Хотя пан Ендрих из Тенчина сопровождал нас, на обратной дороге мы также не миновали ни одного костёла, города, монастыря без богослужения, больше останавливаясь на ночлег в монастырях, чем в гостиницах. На самом деле путешествие продолжалось меньше, чем если бы мы с ксендзем Яном проделали это расстояние пешком, а, не знаю почему, оно мне показалось более долгим и неприятным, хотя всего хватало.
Уже поздней осенью, не знаю, сколько раз продираясь через крутые склоны, за каждым находя всё более холодный ветер, мы оказались в краю славянского языка, и чувствовалось, что приближаемся к Польше. Я ощущал великую радость, хотя в Кракове, за исключением нескольких товарищей, я не имел ни брата, ни свата, ни живой души, которую мог бы назвать своей. Но человек, когда не может к людям, привязывается к камням, такую имеет потребность сердца что-то любить.
По мере того как мы приближались к Кракову, у меня в глазах уже так живо стояли мой домик, моя коллегия и улицы, и школьные товарищи, что снились ночами. Приблизившись к границе, пан Ендрих из Тенчина должен был свернуть в свои земли, нам же остаток дороги пришлось отбыть пешком, но ко мне уже вернулось немного сил, а радость их добавляла.
Когда после ночлега нужно было расставаться с тенчинскими людьми, Слизиак отвёл меня ещё в сторону. Я знал, что он будет мне говорить. Действительно, старик начал с того, что со слезами на глазах, очень горячо сперва пытался мне доказать, что для моего собственного блага так заботится обо мне.
– Если хочешь быть спокойным и жизнь себе не отравить, – сказал он мне, – послушайся моего совета. Брось тщетные усилия в расследовании того, чего знать не должен. У тебя ведь столько ума, что понимаешь: если родители от тебя отреклись, то не без серьёзных причин. Ты причинил бы им, может, страдание и боль, открыв то, что они хотят скрыть.

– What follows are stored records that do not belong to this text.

lemma bounded_on_Icc_finite_family:
  fixes x :: "'j \<Rightarrow> real \<Rightarrow> real"
  assumes "finite J" and cont: "\<And>j. j \<in> J \<Longrightarrow> continuous_on {a..b} (x j)"
  obtains B where "0 \<le> B" "\<And>j s. j \<in> J \<Longrightarrow> s \<in> {a..b} \<Longrightarrow> \<bar>x j s\<bar> \<le> B"
proof -
  have "continuous_on {a..b} (\<lambda>s. \<Sum>j\<in>J. \<bar>x j s\<bar>)"
    by (intro continuous_intros cont)
  then have "bounded ((\<lambda>s. \<Sum>j\<in>J. \<bar>x j s\<bar>) ` {a..b})"
    by (intro compact_imp_bounded compact_continuous_image) auto
  then obtain B where B: "\<And>s. s \<in> {a..b} \<Longrightarrow> \<bar>\<Sum>j\<in>J. \<bar>x j s\<bar>\<bar> \<le> B"
    unfolding bounded_real by blast
  have "\<bar>x j s\<bar> \<le> B" if "j \<in> J" "s \<in> {a..b}" for j s
    using member_le_sum[of j J "\<lambda>j. \<bar>x j s\<bar>"] B[OF that(2)] \<open>finite J\<close> that(1) by simp
  moreover have "0 \<le> B" if "j \<in> J" "s \<in> {a..b}" for j s
    using calculation[OF that] by simp
  ultimately show thesis
    using that[of "max 0 B"] by force
qed

text \<open>Shortly after a time at which all components are nonnegative, the total negative part
  can reach at most half of its own maximum, so it vanishes.\<close>
lemma quasi_positive_nonneg_after:
  fixes x x' :: "'j \<Rightarrow> real \<Rightarrow> real"
  assumes "finite J"
    and deriv: "\<And>j t. j \<in> J \<Longrightarrow> 0 \<le> t \<Longrightarrow> (x j has_real_derivative x' j t) (at t within {0..})"
    and quasi_pos: "\<And>B. 0 \<le> B \<Longrightarrow> \<exists>L\<ge>0. \<forall>t\<ge>0. \<forall>m\<ge>0. \<forall>j\<in>J.
          (\<forall>i\<in>J. \<bar>x i t\<bar> \<le> B \<and> - m \<le> x i t) \<longrightarrow> x j t < 0 \<longrightarrow> - L * m \<le> x' j t"
    and "0 \<le> T" and nonneg_T: "\<And>j. j \<in> J \<Longrightarrow> 0 \<le> x j T"
  obtains \<delta> where "0 < \<delta>" "\<And>j s. j \<in> J \<Longrightarrow> s \<in> {T..T + \<delta>} \<Longrightarrow> 0 \<le> x j s"
proof -
  have cont: "continuous_on {T..T + e} (x j)" if "j \<in> J" for j e
    using \<open>0 \<le> T\<close>
    by (intro DERIV_continuous_on[of _ _ "x' j"] has_field_derivative_subset[OF deriv[OF that]]) auto
  obtain B where "0 \<le> B" and bounded: "\<And>j s. j \<in> J \<Longrightarrow> s \<in> {T..T + 1} \<Longrightarrow> \<bar>x j s\<bar> \<le> B"
    using bounded_on_Icc_finite_family[where x = x, OF \<open>finite J\<close> cont] by blast
  obtain L where "0 \<le> L" and L: "\<And>t m j. 0 \<le> t \<Longrightarrow> 0 \<le> m \<Longrightarrow> j \<in> J \<Longrightarrow>
      (\<forall>i\<in>J. \<bar>x i t\<bar> \<le> B \<and> - m \<le> x i t) \<Longrightarrow> x j t < 0 \<Longrightarrow> - L * m \<le> x' j t"
    using quasi_pos[OF \<open>0 \<le> B\<close>] by blast
  define \<delta> where "\<delta> = 1 / (2 * (card J * L + 1))"
  have "0 \<le> card J * L" using \<open>0 \<le> L\<close> by simp
  then have "0 < \<delta>" "\<delta> \<le> 1" "card J * L * \<delta> \<le> 1 / 2"
    by (auto simp: \<delta>_def field_simps)
  define neg where "neg s = (\<Sum>j\<in>J. max 0 (- x j s))" for s
  have "continuous_on {T..T + \<delta>} neg"
    unfolding neg_def by (intro continuous_intros cont)
  from continuous_attains_sup[OF compact_Icc _ this] \<open>0 < \<delta>\<close> obtain sM
    where "sM \<in> {T..T + \<delta>}" and sM: "\<forall>s\<in>{T..T + \<delta>}. neg s \<le> neg sM" by auto
  define M where "M = neg sM"
  have "0 \<le> M" by (simp add: M_def neg_def sum_nonneg)
  have small: "- (L * M * \<delta>) \<le> x j s" if "j \<in> J" "s \<in> {T..T + \<delta>}" for j s
  proof -
    have "- (L * M) * (s - T) \<le> x j s"
    proof (rule lower_bound_of_deriv_bound_where_negative[OF deriv[OF \<open>j \<in> J\<close>]])
      fix \<xi> assume "T < \<xi>" "\<xi> < s" "x j \<xi> < 0"
      with that \<open>\<delta> \<le> 1\<close> have "\<xi> \<in> {T..T + \<delta>}" "\<xi> \<in> {T..T + 1}" by auto
      have "- M \<le> x i \<xi>" if "i \<in> J" for i
        using member_le_sum[of i J "\<lambda>i. max 0 (- x i \<xi>)"] sM \<open>\<xi> \<in> {T..T + \<delta>}\<close> \<open>finite J\<close> that
        by (force simp: M_def neg_def)
      with L[of \<xi> M j] bounded \<open>\<xi> \<in> {T..T + 1}\<close> \<open>0 \<le> T\<close> \<open>0 \<le> M\<close> \<open>j \<in> J\<close> \<open>x j \<xi> < 0\<close>
      show "- (L * M) \<le> x' j \<xi>" by force
    qed (use that \<open>0 \<le> T\<close> nonneg_T \<open>0 \<le> L\<close> \<open>0 \<le> M\<close> in auto)
    moreover have "L * M * (s - T) \<le> L * M * \<delta>"
      using that \<open>0 \<le> L\<close> \<open>0 \<le> M\<close> by (intro mult_left_mono) auto
    ultimately show ?thesis by simp
  qed
  have "0 \<le> L * M * \<delta>" using \<open>0 \<le> L\<close> \<open>0 \<le> M\<close> \<open>0 < \<delta>\<close> by simp
  then have "neg sM \<le> (\<Sum>j\<in>J. L * M * \<delta>)"
    unfolding neg_def using small[OF _ \<open>sM \<in> {T..T + \<delta>}\<close>] by (intro sum_mono) force
  then have "M \<le> (card J * L * \<delta>) * M" by (simp add: M_def algebra_simps)
  also have "\<dots> \<le> 1 / 2 * M"
    using \<open>card J * L * \<delta> \<le> 1 / 2\<close> \<open>0 \<le> M\<close> by (rule mult_right_mono)
  finally have "M = 0" using \<open>0 \<le> M\<close> by simp
  with small \<open>0 < \<delta>\<close> that show thesis by simp
qed

lemma quasi_positive_invariance:
  fixes x x' :: "'j \<Rightarrow> real \<Rightarrow> real"
  assumes "finite J"
    and deriv: "\<And>j t. j \<in> J \<Longrightarrow> 0 \<le> t \<Longrightarrow> (x j has_real_derivative x' j t) (at t within {0..})"
    and init: "\<And>j. j \<in> J \<Longrightarrow> 0 \<le> x j 0"
    and quasi_pos: "\<And>B. 0 \<le> B \<Longrightarrow> \<exists>L\<ge>0. \<forall>t\<ge>0. \<forall>m\<ge>0. \<forall>j\<in>J.
          (\<forall>i\<in>J. \<bar>x i t\<bar> \<le> B \<and> - m \<le> x i t) \<longrightarrow> x j t < 0 \<longrightarrow> - L * m \<le> x' j t"
    and "j \<in> J" "0 \<le> t"
  shows "0 \<le> x j t"
proof (rule ccontr)
  assume "\<not> 0 \<le> x j t"
  have cont: "continuous_on {0..} (x i)" if "i \<in> J" for i
    using deriv[OF that] by (rule DERIV_continuous_on) simp
  obtain T where "0 \<le> T" and "\<And>i. i \<in> J \<Longrightarrow> 0 \<le> x i T"
    and negative_after: "\<And>e. 0 < e \<Longrightarrow> \<exists>s\<in>{T..<T + e}. \<exists>i\<in>J. x i s < 0"
    using first_negative_time[where J = J and x = x, OF cont init \<open>j \<in> J\<close> \<open>0 \<le> t\<close>]
      \<open>\<not> 0 \<le> x j t\<close> by auto
  then obtain \<delta> where "0 < \<delta>" and "\<And>i s. i \<in> J \<Longrightarrow> s \<in> {T..T + \<delta>} \<Longrightarrow> 0 \<le> x i s"
    using quasi_positive_nonneg_after[OF \<open>finite J\<close> deriv quasi_pos] by metis
  with negative_after[OF \<open>0 < \<delta>\<close>] show False by fastforce
qed

lemma mult_ge_neg_bound:
  fixes a b \<alpha> \<beta> A B :: real
  assumes "- \<alpha> \<le> a" "\<bar>a\<bar> \<le> A" "- \<beta> \<le> b" "\<bar>b\<bar> \<le> B" "0 \<le> \<alpha>" "0 \<le> \<beta>"
  shows "- (\<alpha> * B + \<beta> * A) \<le> a * b"
proof -
  have "0 \<le> \<alpha> * B" "0 \<le> \<beta> * A" using assms by (auto intro: order_trans[OF abs_ge_zero])
  consider "0 \<le> a" "0 \<le> b" | "a < 0" "0 \<le> b" | "0 \<le> a" "b < 0" | "a < 0" "b < 0"
    by linarith
  then show ?thesis
  proof cases
    case 2
    have "- \<alpha> * B \<le> - \<alpha> * b" using assms 2 by (intro mult_left_mono_neg) auto
    also have "\<dots> \<le> a * b" using assms 2 by (intro mult_right_mono) auto
    finally show ?thesis using \<open>0 \<le> \<beta> * A\<close> by simp
  next
    case 3
    have "- \<beta> * A \<le> - \<beta> * a" using assms 3 by (intro mult_left_mono_neg) auto
    also have "\<dots> = a * (- \<beta>)" by simp
    also have "\<dots> \<le> a * b" using assms 3 by (intro mult_left_mono) auto
    finally show ?thesis using \<open>0 \<le> \<alpha> * B\<close> by simp
  qed (smt (verit) \<open>0 \<le> \<alpha> * B\<close> \<open>0 \<le> \<beta> * A\<close> mult_nonneg_nonneg mult_nonpos_nonpos)+
qed

lemma mult_le_one_ge_neg:
  fixes c y z :: real
  assumes "- z \<le> y" "0 \<le> z" "0 \<le> c" "c \<le> 1"
  shows "- z \<le> c * y"
proof (cases "0 \<le> y")
  case True
  with assms have "0 \<le> c * y" by simp
  with assms show ?thesis by linarith
next
  case False
  then have "y \<le> c * y" using assms by (simp add: mult_le_cancel_right1)
  with assms show ?thesis by simp
qed

lemma Lam_eq_d_Nstar:
  assumes "0 < d" "0 \<le> b * real k * Phi"
  shows "Lam b d Phi k = d * Nstar b d Phi k"
  using assms by (simp add: Lam_def Nstar_def field_simps)

datatype compartment = Sc | Vc | Ic | Qc

lemma UNIV_compartment: "UNIV = {Sc, Vc, Ic, Qc}"
  using compartment.exhaust by auto

locale sviqs_params =
  fixes n :: nat and p :: "nat \<Rightarrow> real" and b d Phi :: real
    and lam phi mu :: "nat \<Rightarrow> real" and beta gamma eta omega dlt :: real
  assumes n_pos: "1 \<le> n" and p_pos: "\<And>k. k \<in> {1..n} \<Longrightarrow> 0 < p k"
    and b_pos: "0 < b" and d_pos: "0 < d" and Phi_pos: "0 < Phi"
    and lam_pos: "\<And>k. k \<in> {1..n} \<Longrightarrow> 0 < lam k"
    and phi_pos: "\<And>k. k \<in> {1..n} \<Longrightarrow> 0 < phi k"
    and mu_pos: "\<And>k. k \<in> {1..n} \<Longrightarrow> 0 < mu k"
    and beta_pos: "0 < beta" and gamma_pos: "0 < gamma" and eta_pos: "0 < eta"
    and omega_pos: "0 < omega" and dlt_nonneg: "0 \<le> dlt" and dlt_le_1: "dlt \<le> 1"
begin

abbreviation "Ntot \<equiv> Nstar b d Phi"
abbreviation "Sdf \<equiv> S0 b d Phi mu omega"
abbreviation "Vdf \<equiv> V0 b d Phi mu omega"
abbreviation "R0 \<equiv> R0_tilde n p b d Phi lam phi beta gamma"

definition exit_rate :: real where "exit_rate = gamma + beta + d"

definition Theta_coeff :: real where
  "Theta_coeff = (\<Sum>i=1..n. phi i * p i) / mean_deg n p"

definition initial_deviation :: "(nat \<Rightarrow> real \<Rightarrow> real) \<Rightarrow> (nat \<Rightarrow> real \<Rightarrow> real) \<Rightarrow>
    (nat \<Rightarrow> real \<Rightarrow> real) \<Rightarrow> real" where
  "initial_deviation V I Q = (\<Sum>i=1..n. \<bar>I i 0\<bar> + \<bar>Q i 0\<bar> + \<bar>V i 0 - Vdf i\<bar>)"

lemma mean_deg_pos: "0 < mean_deg n p"
  unfolding mean_deg_def using n_pos p_pos by (intro sum_pos) auto

lemma Theta_coeff_nonneg: "0 \<le> Theta_coeff"
  unfolding Theta_coeff_def using mean_deg_pos phi_pos p_pos
  by (intro divide_nonneg_pos sum_nonneg) (auto intro: less_imp_le)

lemma exit_rate_pos: "0 < exit_rate"
  unfolding exit_rate_def using gamma_pos beta_pos d_pos by simp

lemma Ntot_pos: "k \<in> {1..n} \<Longrightarrow> 0 < Ntot k"
  unfolding Nstar_def using b_pos d_pos Phi_pos by (auto intro!: divide_pos_pos add_pos_pos)

lemma Lam_eq: "Lam b d Phi k = d * Ntot k"
  using b_pos d_pos Phi_pos by (intro Lam_eq_d_Nstar) auto

lemma Sdf_plus_Vdf:
  assumes "k \<in> {1..n}"
  shows "Sdf k + Vdf k = Ntot k"
proof -
  have "Sdf k + Vdf k = (mu k + omega + d) * Ntot k / (mu k + omega + d)"
    unfolding S0_def V0_def add_divide_distrib[symmetric] by (simp add: algebra_simps)
  also have "\<dots> = Ntot k" using mu_pos[OF assms] omega_pos d_pos by simp
  finally show ?thesis .
qed

lemma Vdf_eq: "k \<in> {1..n} \<Longrightarrow> (mu k + d + omega) * Vdf k = mu k * Ntot k"
  using mu_pos[of k] omega_pos d_pos by (simp add: V0_def field_simps)

lemma initial_deviation_lt:
  fixes \<delta> :: real
  assumes "\<forall>k\<in>{1..n}. \<bar>V k 0 - Vdf k\<bar> < \<delta> \<and> \<bar>I k 0\<bar> < \<delta> \<and> \<bar>Q k 0\<bar> < \<delta>"
  shows "initial_deviation V I Q < 3 * real n * \<delta>"
proof -
  have "initial_deviation V I Q < (\<Sum>i=1..n. 3 * \<delta>)"
    unfolding initial_deviation_def
  proof (rule sum_strict_mono)
    fix i assume "i \<in> {1..n}"
    with assms show "\<bar>I i 0\<bar> + \<bar>Q i 0\<bar> + \<bar>V i 0 - Vdf i\<bar> < 3 * \<delta>" by fastforce
  qed (use n_pos in auto)
  then show ?thesis by simp
qed

lemma Theta_le:
  assumes "\<And>i. i \<in> {1..n} \<Longrightarrow> J i t \<le> a"
  shows "Theta n p phi J t \<le> Theta_coeff * a"
proof -
  have "(\<Sum>i=1..n. phi i * p i * J i t) \<le> (\<Sum>i=1..n. phi i * p i * a)"
    using assms phi_pos p_pos by (intro sum_mono mult_left_mono) (auto intro: less_imp_le)
  then show ?thesis using mean_deg_pos
    by (simp add: Theta_def Theta_coeff_def sum_distrib_right divide_right_mono)
qed

lemma Theta_ge:
  assumes "\<And>i. i \<in> {1..n} \<Longrightarrow> a \<le> J i t"
  shows "Theta_coeff * a \<le> Theta n p phi J t"
proof -
  have "(\<Sum>i=1..n. phi i * p i * a) \<le> (\<Sum>i=1..n. phi i * p i * J i t)"
    using assms phi_pos p_pos by (intro sum_mono mult_left_mono) (auto intro: less_imp_le)
  then show ?thesis using mean_deg_pos
    by (simp add: Theta_def Theta_coeff_def sum_distrib_right divide_right_mono)
qed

– Милый пане, – отвечал я ему, – у меня мало разума, я молод, это верно, но знаю только, что обязанность родителей – не бросать ребёнка. Я не обвиняю их в том, что так жестоко от меня избавились, это – дело злых людей, их врагов. Бог знает! Какая бы мать своего собственного ребёнка могла оттолкнуть?
– А! А! Мой Яшка, – ответил Слизиак, – зелено у тебя в голове, зелено. Мир имеет много таин, которые только позже тебе откроются. Будь внимателен, ты на хорошей дороге, при очень набожном человеке, ты должен готовиться к духовному сану и искать счастья в Боге.
– Да, – ответил я смелей, – я бы тоже не желал ничего другого, только стать достойным этого призвания, но я неповинен в том, что конь, доспехи и рыцарство притягивают меня больше, чем монастырь.
На это Слизиак возмутился.
– Ты придумываешь это себе, – крикнул он, – и внушаешь. – Что тебя ждёт в рыцарском поприще? Всю жизнь должен быть оруженосцем и служкой, щит или меч за другими носить, потому что, не зная родителей, шляхетства не имеешь.
– Разве нельзя его заслужить на поле битвы? – ответил я. – Я всё-таки слышал не об одном, которого короли в битве посвятили в рыцари. А без шляхетства, – добавил я, – вы это знаете так же, как я, и в духовном сословии далеко дойти нельзя. Для шляхты доступны бенефиции и прелатуры.
– А в монастыре плохо?! – воскликнул Слизиак. – Прелаты и епископы очень обременены, им не позавидуешь.
Я не хотел с ним спорить, но остался при своём. Так расставшись почти у ворот Кракова, мы шли дальше, и я никогда не видел ксендза Яна таким весёлым и в таком хорошем настроении, как в эти последние дни. Он беспокоился только, чтобы я не потерял саквы, в которых нёс несколько книг, а глаза его смеялись, когда он глядел в сторону города.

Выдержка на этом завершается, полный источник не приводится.